Jan 11 J Antimicrob Chemother study
Chinese study identifies cats, dogs as potential C diff sources
A new study by Chinese scientists suggests that companion animals could be a source of pathogenic Clostridioides difficile. The findings appear in BMC Infectious Diseases.
To assess the burden of C difficile carriage and shedding by household pets, researchers from Xuzhou Medical University collected fecal samples of adult pets in pet shops in Xuzhou City in China's Jiangsu province, then identified and isolated C difficile strains. They used multilocus sequence typing (MLST) to identify sequence types and assess the possibility of transmission between pets and humans, employed multiplex polymerase chain reaction to detect toxin genes, and performed antimicrobial susceptibility testing.

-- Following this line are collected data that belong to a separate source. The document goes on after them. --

lemma wreath_pow_eq_one_iff:
  assumes fin: "finite (carrier B)"
    and \<alpha>: "\<alpha> \<in> carrier B \<rightarrow>\<^sub>E carrier A" and x: "x \<in> carrier B"
  shows "(\<alpha>, x) [^]\<^bsub>wreath A B\<^esub> N = \<one>\<^bsub>wreath A B\<^esub> \<longleftrightarrow>
    B.ord x dvd N \<and> (\<forall>b\<in>carrier B. orbit_prod A B (inv\<^bsub>B\<^esub> x) \<alpha> b [^]\<^bsub>A\<^esub> (N div B.ord x) = \<one>\<^bsub>A\<^esub>)"
proof (cases "B.ord x dvd N")
  case True
  then obtain q where N: "N = q * B.ord x" by (metis dvd_def mult.commute)
  have "B.ord x > 0" using B.ord_ge_1[OF fin x] by simp
  then show ?thesis
    by (simp add: N wreath_pow_mult_ord[OF \<alpha> x] wreath_one fun_eq_iff Ball_def)
next
  case False
  then have "x [^]\<^bsub>B\<^esub> N \<noteq> \<one>\<^bsub>B\<^esub>" using B.pow_eq_id[OF x] by simp
  with False show ?thesis by (simp add: wreath_pow[OF \<alpha> x] wreath_one)
qed

lemma orbit_prod_closed:
  assumes "\<alpha> \<in> carrier B \<rightarrow>\<^sub>E carrier A" "y \<in> carrier B" "b \<in> carrier B"
  shows "orbit_prod A B y \<alpha> b \<in> carrier A"
  unfolding orbit_prod_def using assms by (intro A.seq_prod_closed) (auto simp: PiE_iff)

lemma orbit_prod_mult_left:
  assumes y: "y \<in> carrier B" and b: "b \<in> carrier B"
    and \<alpha>: "\<And>s::nat. \<alpha> (y [^]\<^bsub>B\<^esub> s \<otimes>\<^bsub>B\<^esub> b) \<in> carrier A"
  shows "orbit_prod A B y \<alpha> (y \<otimes>\<^bsub>B\<^esub> b) = inv\<^bsub>A\<^esub> (\<alpha> b) \<otimes>\<^bsub>A\<^esub> orbit_prod A B y \<alpha> b \<otimes>\<^bsub>A\<^esub> \<alpha> b"
proof -
  define f where "f s = \<alpha> (y [^]\<^bsub>B\<^esub> s \<otimes>\<^bsub>B\<^esub> b)" for s :: nat
  have f: "f s \<in> carrier A" for s using \<alpha> by (simp add: f_def)
  have f0: "f 0 = \<alpha> b" and f_ord: "f (B.ord y) = \<alpha> b" using y b by (simp_all add: f_def)
  have at_b: "orbit_prod A B y \<alpha> b = seq_prod A f (B.ord y)"
    by (simp add: orbit_prod_def f_def[abs_def])
  have at_yb: "orbit_prod A B y \<alpha> (y \<otimes>\<^bsub>B\<^esub> b) = seq_prod A (\<lambda>s. f (Suc s)) (B.ord y)"
    using y b by (simp add: orbit_prod_def f_def B.m_assoc)
  have "\<alpha> b \<otimes>\<^bsub>A\<^esub> seq_prod A (\<lambda>s. f (Suc s)) (B.ord y) = seq_prod A f (B.ord y) \<otimes>\<^bsub>A\<^esub> \<alpha> b"
    using A.seq_prod_Suc_left[of "B.ord y" f] f by (simp add: f0 f_ord)
  moreover have "seq_prod A f (B.ord y) \<in> carrier A" "seq_prod A (\<lambda>s. f (Suc s)) (B.ord y) \<in> carrier A"
    using f by (simp_all add: A.seq_prod_closed)
  ultimately show ?thesis
    using f[of 0] by (simp add: at_b at_yb f0 A.m_assoc A.inv_solve_left)
qed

A total of 175 fecal samples were collected from 146 healthy dogs and 29 cats, and C difficile was isolated from only 3 samples (1.7%)—2/29 cat samples (7.0%) and 1/146 (0.7%) dog samples.

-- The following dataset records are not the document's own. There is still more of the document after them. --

lemma (in group) hom_real_add_group_mult:
  assumes "\<psi> \<in> hom (G\<lparr>carrier := H\<rparr>) real_add_group" "a \<in> H" "b \<in> H"
  shows "\<psi> (a \<otimes> b) = \<psi> a + \<psi> b"
  using assms by (simp add: hom_def real_add_group_def)

lemma (in group) hom_real_add_group_one:
  assumes "subgroup H G" "\<psi> \<in> hom (G\<lparr>carrier := H\<rparr>) real_add_group"
  shows "\<psi> \<one> = 0"
  using hom_real_add_group_mult[OF assms(2), of \<one> \<one>] subgroup.one_closed[OF assms(1)] by simp

lemma (in group) hom_real_add_group_inv:
  assumes "subgroup H G" "\<psi> \<in> hom (G\<lparr>carrier := H\<rparr>) real_add_group" "h \<in> H"
  shows "\<psi> (inv h) = - \<psi> h"
  using hom_real_add_group_mult[OF assms(2), of h "inv h"] hom_real_add_group_one[OF assms(1,2)]
    assms(1,3) subgroup.m_inv_closed subgroup.mem_carrier by fastforce

lemma (in group) hom_real_add_group_nat_pow:
  assumes "subgroup H G" "\<psi> \<in> hom (G\<lparr>carrier := H\<rparr>) real_add_group" "h \<in> H"
  shows "\<psi> (h [^] n) = real n * \<psi> h"
proof (induction n)
  case 0
  then show ?case using hom_real_add_group_one[OF assms(1,2)] by simp
next
  case (Suc n)
  have "h [^] n \<in> H" using assms(1,3) by (rule subgroup_nat_pow_closed)
  then show ?case
    using Suc hom_real_add_group_mult[OF assms(2), of "h [^] n" h] assms(3) by (simp add: algebra_simps)
qed

lemma (in group) hom_real_add_group_eq_0_if_pow:
  assumes "subgroup H G" "\<psi> \<in> hom (G\<lparr>carrier := H\<rparr>) real_add_group" "h \<in> H"
    and "n > 0" "\<psi> (h [^] (n::nat)) = 0"
  shows "\<psi> h = 0"
  using assms hom_real_add_group_nat_pow[OF assms(1-3), of n] by simp

lemma (in group) conj_mult:
  assumes "g \<in> carrier G" "a \<in> carrier G" "b \<in> carrier G"
  shows "g \<otimes> (a \<otimes> b) \<otimes> inv g = (g \<otimes> a \<otimes> inv g) \<otimes> (g \<otimes> b \<otimes> inv g)"
proof -
  have "(g \<otimes> a \<otimes> inv g) \<otimes> (g \<otimes> b \<otimes> inv g) = g \<otimes> a \<otimes> (inv g \<otimes> g) \<otimes> b \<otimes> inv g"
    using assms by (simp only: m_assoc inv_closed m_closed)
  also have "\<dots> = g \<otimes> (a \<otimes> b) \<otimes> inv g"
    using assms by (simp add: m_assoc)
  finally show ?thesis by (rule sym)
qed

lemma (in group) conj_inv:
  assumes "g \<in> carrier G" "a \<in> carrier G"
  shows "g \<otimes> inv a \<otimes> inv g = inv (g \<otimes> a \<otimes> inv g)"
  using assms by (simp add: inv_mult_group m_assoc)

lemma (in group) conj_conj:
  assumes "g \<in> carrier G" "x \<in> carrier G" "h \<in> carrier G"
  shows "g \<otimes> (x \<otimes> h \<otimes> inv x) \<otimes> inv g = (g \<otimes> x) \<otimes> h \<otimes> inv (g \<otimes> x)"
  using assms by (simp add: inv_mult_group m_assoc)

The isolates were categorized into three MLST sequence types that have been identified in patients in eastern China and belong to the clade that contains most human C difficile sequence types. They were susceptible to chloramphenicol, tetracycline, metronidazole, and moxifloxacin and resistant to ampicillin, clindamycin, and cefoxitin. Notably, one strain recovered in the feces of a healthy dog, D141–1, carried toxin genes, implying a potential association between pets and pathogenic C difficile infections in humans.
"Since there is intimate contact between humans and their pets, the isolation of C. difficile from pets in this study suggests a possibility that humans may be colonized by C. difficile carried by pets, although faecal shedding of pathogenic C. difficile was not common among healthy dogs and cats," the authors write.

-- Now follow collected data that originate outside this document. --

text \<open>A scalar network code, described by the global symbol y e x carried by edge e
when the source messages are x.\<close>

definition is_network_code ::
  "('a, 'b) ring_scheme \<Rightarrow> nat set \<Rightarrow> nat set \<Rightarrow> (nat \<Rightarrow> nat) \<Rightarrow> (nat \<Rightarrow> nat)
     \<Rightarrow> (nat \<Rightarrow> nat) \<Rightarrow> (nat \<Rightarrow> (nat \<Rightarrow> 'a) \<Rightarrow> 'a) \<Rightarrow> bool" where
  "is_network_code R V E tail head src y \<longleftrightarrow>
     (\<forall>e\<in>E. \<forall>x\<in>src_vals R. y e x \<in> carrier R) \<and>
     (\<forall>e\<in>E. \<forall>i\<in>{1, 2, 3}. tail e = src i \<longrightarrow>
        (\<exists>g. \<forall>x\<in>src_vals R. y e x = g (x i))) \<and>
     (\<forall>e\<in>E. tail e \<notin> sources V E head \<longrightarrow>
        (\<exists>\<phi>. \<forall>x\<in>src_vals R. y e x = \<phi> (restrict (\<lambda>e'. y e' x) (in_edges E head (tail e)))))"

definition recovers_sum ::
  "('a, 'b) ring_scheme \<Rightarrow> nat set \<Rightarrow> (nat \<Rightarrow> nat) \<Rightarrow> (nat \<Rightarrow> (nat \<Rightarrow> 'a) \<Rightarrow> 'a) \<Rightarrow> nat \<Rightarrow> bool" where
  "recovers_sum R E head y t \<longleftrightarrow>
     (\<exists>\<psi>. \<forall>x\<in>src_vals R.
        \<psi> (restrict (\<lambda>e. y e x) (in_edges E head t)) = x 1 \<oplus>\<^bsub>R\<^esub> x 2 \<oplus>\<^bsub>R\<^esub> x 3)"

end

theory Submission
  imports Defs
begin

text \<open>
  Edge 2 carries an encoding a(X1,X2), edge 8 an encoding b(X2,X3).  Terminal 8
  sees a(X1,X2) and X3, terminal 10 sees X1 and b(X2,X3), terminal 9 sees only
  a(X1,X2) and b(X2,X3).

  Terminals 8 and 10 force a(u,v) to determine u+v and b(v,w) to
  determine v+w.  Over a finite field a pigeonhole argument upgrades this: a
  can distinguish no more than |F| values, so a(u,v) depends ONLY on u+v, and
  likewise b(v,w) only on v+w.  Hence the inputs (1,-1,1) and (0,0,0) give the
  same symbols at terminal 9 although their sums 1 and 0 differ.
\<close>

lemma finite_determination_converse:
  assumes fin: "finite K" and F_into: "F ` X \<subseteq> K" and \<sigma>_onto: "\<sigma> ` X = K"
    and determines: "\<And>x x'. x \<in> X \<Longrightarrow> x' \<in> X \<Longrightarrow> F x = F x' \<Longrightarrow> \<sigma> x = \<sigma> x'"
    and x: "x \<in> X" and x': "x' \<in> X" and same: "\<sigma> x = \<sigma> x'"
  shows "F x = F x'"
proof -
  define h where "h k = \<sigma> (inv_into X F k)" for k
  have h_F: "h (F z) = \<sigma> z" if "z \<in> X" for z
    unfolding h_def using that by (intro determines inv_into_into) (auto intro: f_inv_into_f)
  have "\<sigma> ` X = h ` (F ` X)" using h_F by (force simp: image_image)
  then have "card K \<le> card (F ` X)"
    using \<sigma>_onto fin F_into by (metis card_image_le finite_subset)
  moreover have "card (F ` X) \<le> card K" using fin F_into by (rule card_mono)
  ultimately have "card (h ` (F ` X)) = card (F ` X)"
    using \<open>\<sigma> ` X = h ` (F ` X)\<close> \<sigma>_onto by simp
  then have "inj_on h (F ` X)"
    using fin F_into by (metis eq_card_imp_inj_on finite_subset)
  moreover have "h (F x) = h (F x')" using h_F x x' same by simp
  ultimately show ?thesis using x x' by (auto dest: inj_onD)
qed

lemma (in abelian_monoid) pair_encoding_depends_only_on_sum:
  assumes fin: "finite (carrier G)"
    and a_closed: "\<And>u v. u \<in> carrier G \<Longrightarrow> v \<in> carrier G \<Longrightarrow> a u v \<in> carrier G"
    and reveals_sum: "\<And>u v u' v'. u \<in> carrier G \<Longrightarrow> v \<in> carrier G \<Longrightarrow> u' \<in> carrier G \<Longrightarrow>
        v' \<in> carrier G \<Longrightarrow> a u v = a u' v' \<Longrightarrow> u \<oplus> v = u' \<oplus> v'"
    and carrier: "u \<in> carrier G" "v \<in> carrier G" "u' \<in> carrier G" "v' \<in> carrier G"
    and same_sum: "u \<oplus> v = u' \<oplus> v'"
  shows "a u v = a u' v'"
proof -
  let ?X = "carrier G \<times> carrier G"
  have onto: "(\<lambda>(p, q). p \<oplus> q) ` ?X = carrier G"
  proof
    show "carrier G \<subseteq> (\<lambda>(p, q). p \<oplus> q) ` ?X"
    proof
      fix k assume "k \<in> carrier G"
      then show "k \<in> (\<lambda>(p, q). p \<oplus> q) ` ?X"
        by (intro image_eqI[where x = "(k, \<zero>)"]) simp_all
    qed
  qed auto
  have into: "(\<lambda>(p, q). a p q) ` ?X \<subseteq> carrier G" using a_closed by auto
  have determines: "(\<lambda>(p, q). p \<oplus> q) z = (\<lambda>(p, q). p \<oplus> q) z'"
    if "z \<in> ?X" "z' \<in> ?X" "(\<lambda>(p, q). a p q) z = (\<lambda>(p, q). a p q) z'" for z z'
    using that by (cases z; cases z') (auto intro: reveals_sum)
  have "(\<lambda>(p, q). a p q) (u, v) = (\<lambda>(p, q). a p q) (u', v')"
    by (rule finite_determination_converse[OF fin into onto determines])
      (simp_all add: carrier same_sum)
  then show ?thesis by simp
qed

section \<open>The algebraic core\<close>

lemma (in field) no_three_way_sum_decoding:
  assumes fin: "finite (carrier R)"
    and a_closed: "\<And>u v. u \<in> carrier R \<Longrightarrow> v \<in> carrier R \<Longrightarrow> a u v \<in> carrier R"
    and b_closed: "\<And>v w. v \<in> carrier R \<Longrightarrow> w \<in> carrier R \<Longrightarrow> b v w \<in> carrier R"
    and a_reveals: "\<And>u v u' v'. u \<in> carrier R \<Longrightarrow> v \<in> carrier R \<Longrightarrow> u' \<in> carrier R \<Longrightarrow>
        v' \<in> carrier R \<Longrightarrow> a u v = a u' v' \<Longrightarrow> u \<oplus> v = u' \<oplus> v'"
    and b_reveals: "\<And>v w v' w'. v \<in> carrier R \<Longrightarrow> w \<in> carrier R \<Longrightarrow> v' \<in> carrier R \<Longrightarrow>
        w' \<in> carrier R \<Longrightarrow> b v w = b v' w' \<Longrightarrow> v \<oplus> w = v' \<oplus> w'"
    and ab_reveal: "\<And>u v w u' v' w'. u \<in> carrier R \<Longrightarrow> v \<in> carrier R \<Longrightarrow> w \<in> carrier R \<Longrightarrow>
        u' \<in> carrier R \<Longrightarrow> v' \<in> carrier R \<Longrightarrow> w' \<in> carrier R \<Longrightarrow>
        a u v = a u' v' \<Longrightarrow> b v w = b v' w' \<Longrightarrow> u \<oplus> v \<oplus> w = u' \<oplus> v' \<oplus> w'"
  shows False
proof -
  have cancel: "\<one> \<oplus> \<ominus> \<one> = \<zero>" "\<ominus> \<one> \<oplus> \<one> = \<zero>" by (simp_all add: r_neg l_neg)
  have "a \<one> (\<ominus> \<one>) = a \<zero> \<zero>"
    by (rule pair_encoding_depends_only_on_sum[OF fin a_closed a_reveals]) (simp_all add: cancel)
  moreover have "b (\<ominus> \<one>) \<one> = b \<zero> \<zero>"
    by (rule pair_encoding_depends_only_on_sum[OF fin b_closed b_reveals]) (simp_all add: cancel)
  ultimately have "\<one> \<oplus> \<ominus> \<one> \<oplus> \<one> = \<zero> \<oplus> \<zero> \<oplus> \<zero>"
    by (intro ab_reveal) simp_all
  then show False by (simp add: cancel)
qed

Jan 11 BMC Infect Dis study
Trial will evaluate safety, efficacy of fecal transplant for recurrent C diff
The National Institute of Allergy and Infectious Diseases announced today that a research consortium has begun enrolling patients in a clinical trial to determine whether fecal microbiota transplantation (FMT) delivered by enema is a safe and effective treatment for recurrent C difficile infection (CDI).
FMT for recurrent CDI has produced strong results in several small clinical trials in recent years, with cure rates as high as 90%, but the long-term safety has not been established. Although the US Food and Drug Administration still considers FMT an investigational treatment, physicians are allowed to perform the procedure using screened stool if recurrent CDI patients aren't responding to antibiotic treatments. According to the Centers for Disease Control and Prevention, roughly 20% of CDI patients treated with antibiotics experience a recurrence of symptoms.
The multicenter randomized controlled trial will enroll 162 adult volunteers who've had at least two episodes of CDI within the previous 6 months. One group of patients will take anti-diarrheal medication and receive FMT via enema, while the other group will take anti-diarrheal medication and receive a placebo solution via enema. The trial is part of a larger effort to gather data on how to standardize FMT, which can be delivered by several methods, including enema, upper gastrointestinal endoscopy, colonoscopy, or pill.
Trial sites include Emory University, Duke University Medical Center, and Vanderbilt University Medical Center.